[PROBLEM REQUIREMENTS] Through the last line of the material below, starting at the line with "real) \<Rightarrow> real \<Rightarrow>", return every line exactly and only those.
☆ ☆ ☆
(* Let $\varepsilon>0$ and $f_1,f_2$ be real-analytic on $[-\varepsilon,\infty)$ with $f_1(x)>0$, $f_2(x)>0$ for all $x\ge-\varepsilon$. Suppose that $A(f_1)$ is geometrically quasi-periodic (so it extends to a real-analytic function on $\mathbb R$, still denoted $A(f_1)$) and that there is $x_0>0$ with $A(f_2)(x)=A(f_1)(x_0-x)$ for all $x$ (where $A(f_2)$ is likewise understood as the analytic function on $\mathbb R$ given by this relation). Then $f_1$, $f_2$, $A(f_1)$ and $A(f_2)$ are constant.
   Context: For a real-analytic $f$ on $[-\varepsilon,\infty)$, $A(f)(\theta)=\int_0^{\pi/2}f(\theta\sin^2s)\,ds=\int_0^1\frac{f(\theta s^2)}{\sqrt{1-s^2}}ds$ for $\theta\ge-\varepsilon$; $A(f)$ is real-analytic. A map $g:(0,\infty)\to\mathbb R$ is geometrically $\tau$-quasi-periodic ($\tau>0$) if there is $\gamma\neq0$ with $g(x+\tau)=\gamma g(x)$ for all $x>0$; geometrically quasi-periodic means this holds for some $\tau>0$; an analytic such $g$ has an analytic extension to $\mathbb R$ satisfying the same relation. *)

theory Defs
  imports "HOL-Analysis.Analysis"
begin

definition real_analytic_on :: "(real \<Rightarrow> real) \<Rightarrow> real set \<Rightarrow> bool" where
  "real_analytic_on f S \<longleftrightarrow>
     (\<forall>x\<in>S. \<exists>r>0. \<exists>a::nat \<Rightarrow> real.
        \<forall>y\<in>S. \<bar>y - x\<bar> < r \<longrightarrow> (\<lambda>n. a n * (y - x) ^ n) sums f y)"

definition A_op :: "(real \<Rightarrow> real) \<Rightarrow> real \<Rightarrow> real" where
  "A_op f \<theta> = integral {0..pi/2} (\<lambda>s. f (\<theta> * (sin s)\<^sup>2))"

definition geom_qp_with :: "real \<Rightarrow> (real \<Rightarrow> real) \<Rightarrow> bool" where
  "geom_qp_with \<tau> g \<longleftrightarrow> (\<exists>\<gamma>. \<gamma> \<noteq> 0 \<and> (\<forall>x>0. g (x + \<tau>) = \<gamma> * g x))"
☆ ☆ ☆
[YOUR RESPONSE]
definition A_op :: "(real \<Rightarrow> real) \<Rightarrow> real \<Rightarrow> real" where
  "A_op f \<theta> = integral {0..pi/2} (\<lambda>s. f (\<theta> * (sin s)\<^sup>2))"

definition geom_qp_with :: "real \<Rightarrow> (real \<Rightarrow> real) \<Rightarrow> bool" where
  "geom_qp_with \<tau> g \<longleftrightarrow> (\<exists>\<gamma>. \<gamma> \<noteq> 0 \<and> (\<forall>x>0. g (x + \<tau>) = \<gamma> * g x))"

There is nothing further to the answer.